▶ [Exercise goal]: Whenever a line below mentions the word "vectors", that line should be copied.

▶ [Source data]:
┄┄┄┄┄┄┄┄┄┄┄┄┄┄┄┄┄┄┄┄

text \<open>pi-tilde = theta * zeta * prod_{i>=1} (1 - theta^(1-q^i))^(-1), where zeta is the fixed
  (q-1)-st root of -theta.\<close>

definition pitilde :: "('f::{finite,field} \<Rightarrow> 'c::field) \<Rightarrow> 'c \<Rightarrow> ('c \<Rightarrow> real) \<Rightarrow> 'c \<Rightarrow> 'c" where
  "pitilde \<iota> \<theta> absv \<zeta> = \<theta> * \<zeta> *
     (THE L. aseq_lim absv (\<lambda>n. \<Prod>i=1..n. inverse (1 - inverse (\<theta> ^ (CARD('f) ^ i - 1)))) L)"

definition zlattice :: "('f::{finite,field} \<Rightarrow> 'c::field) \<Rightarrow> 'c \<Rightarrow> ('c \<Rightarrow> real) \<Rightarrow> 'c \<Rightarrow> nat \<Rightarrow> (nat \<Rightarrow> 'c) \<Rightarrow> 'c set" where
  "zlattice \<iota> \<theta> absv \<zeta> r z =
     {\<Sum>i=2..r. pitilde \<iota> \<theta> absv \<zeta> * evalA \<iota> (a i) \<theta> * z i | a. True}"

definition expL :: "('c::field \<Rightarrow> real) \<Rightarrow> 'c set \<Rightarrow> 'c \<Rightarrow> 'c" where
  "expL absv Lam x = x * (THE P. ahas_prod absv (\<lambda>l. 1 - x / l) (Lam - {0}) P)"

definition uA :: "('f::{finite,field} \<Rightarrow> 'c::field) \<Rightarrow> 'c \<Rightarrow> ('c \<Rightarrow> real) \<Rightarrow> 'c \<Rightarrow> nat \<Rightarrow> 'f poly \<Rightarrow> (nat \<Rightarrow> 'c) \<Rightarrow> 'c" where
  "uA \<iota> \<theta> absv \<zeta> r a z =
     inverse (expL absv (zlattice \<iota> \<theta> absv \<zeta> r z) (pitilde \<iota> \<theta> absv \<zeta> * evalA \<iota> a \<theta> * z 1))"

end

(*
  Group the left-hand sum by the first coordinate a_1; the vectors with a_1 = 0 contribute
  nothing since a_1(t) = 0.  For a_1 /= 0 the vectors (a_2, ..., a_r) correspond to the points of
  the lattice Lambda = pitilde (z_2 A + ... + z_r A), and with x = pitilde a_1 z_1 (not in Lambda)
  the inner sum is pitilde a_1(t) times sum_{l in Lambda} 1/(x - l) = 1/exp_Lambda(x).  The latter
  identity holds exactly for every finite additive subgroup V, because the derivative of
  prod_{l in V} (l - X) is constant, and it passes to the limit over the finite subgroups
  {l in Lambda. |l| <= n}.  These are finite, and all sums converge unconditionally, because
  z_1, ..., z_r are K_infinity-linearly independent: by the equivalence of norms on a finite
  dimensional space, |a_1 z_1 + ... + a_r z_r| bounds every |a_i|.
*)
theory Submission
  imports Defs
begin

section \<open>Non-archimedean absolute values\<close>

locale nonarch_abs =
  fixes absv :: "'a::field \<Rightarrow> real"
  assumes absv_nonneg: "absv x \<ge> 0"
    and absv_eq_0_iff [simp]: "absv x = 0 \<longleftrightarrow> x = 0"
    and absv_mult: "absv (x * y) = absv x * absv y"
    and absv_add_le_max: "absv (x + y) \<le> max (absv x) (absv y)"
begin

lemma absv_0 [simp]: "absv 0 = 0"
  by simp

lemma absv_pos_iff: "absv x > 0 \<longleftrightarrow> x \<noteq> 0"
  using absv_nonneg[of x] by (auto simp: order_le_less)

lemma absv_1 [simp]: "absv 1 = 1"
  using absv_mult[of 1 1] by simp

┄┄┄┄┄┄┄┄┄┄┄┄┄┄┄┄┄┄┄┄

▶ [Written reply]:
  Group the left-hand sum by the first coordinate a_1; the vectors with a_1 = 0 contribute
  nothing since a_1(t) = 0.  For a_1 /= 0 the vectors (a_2, ..., a_r) correspond to the points of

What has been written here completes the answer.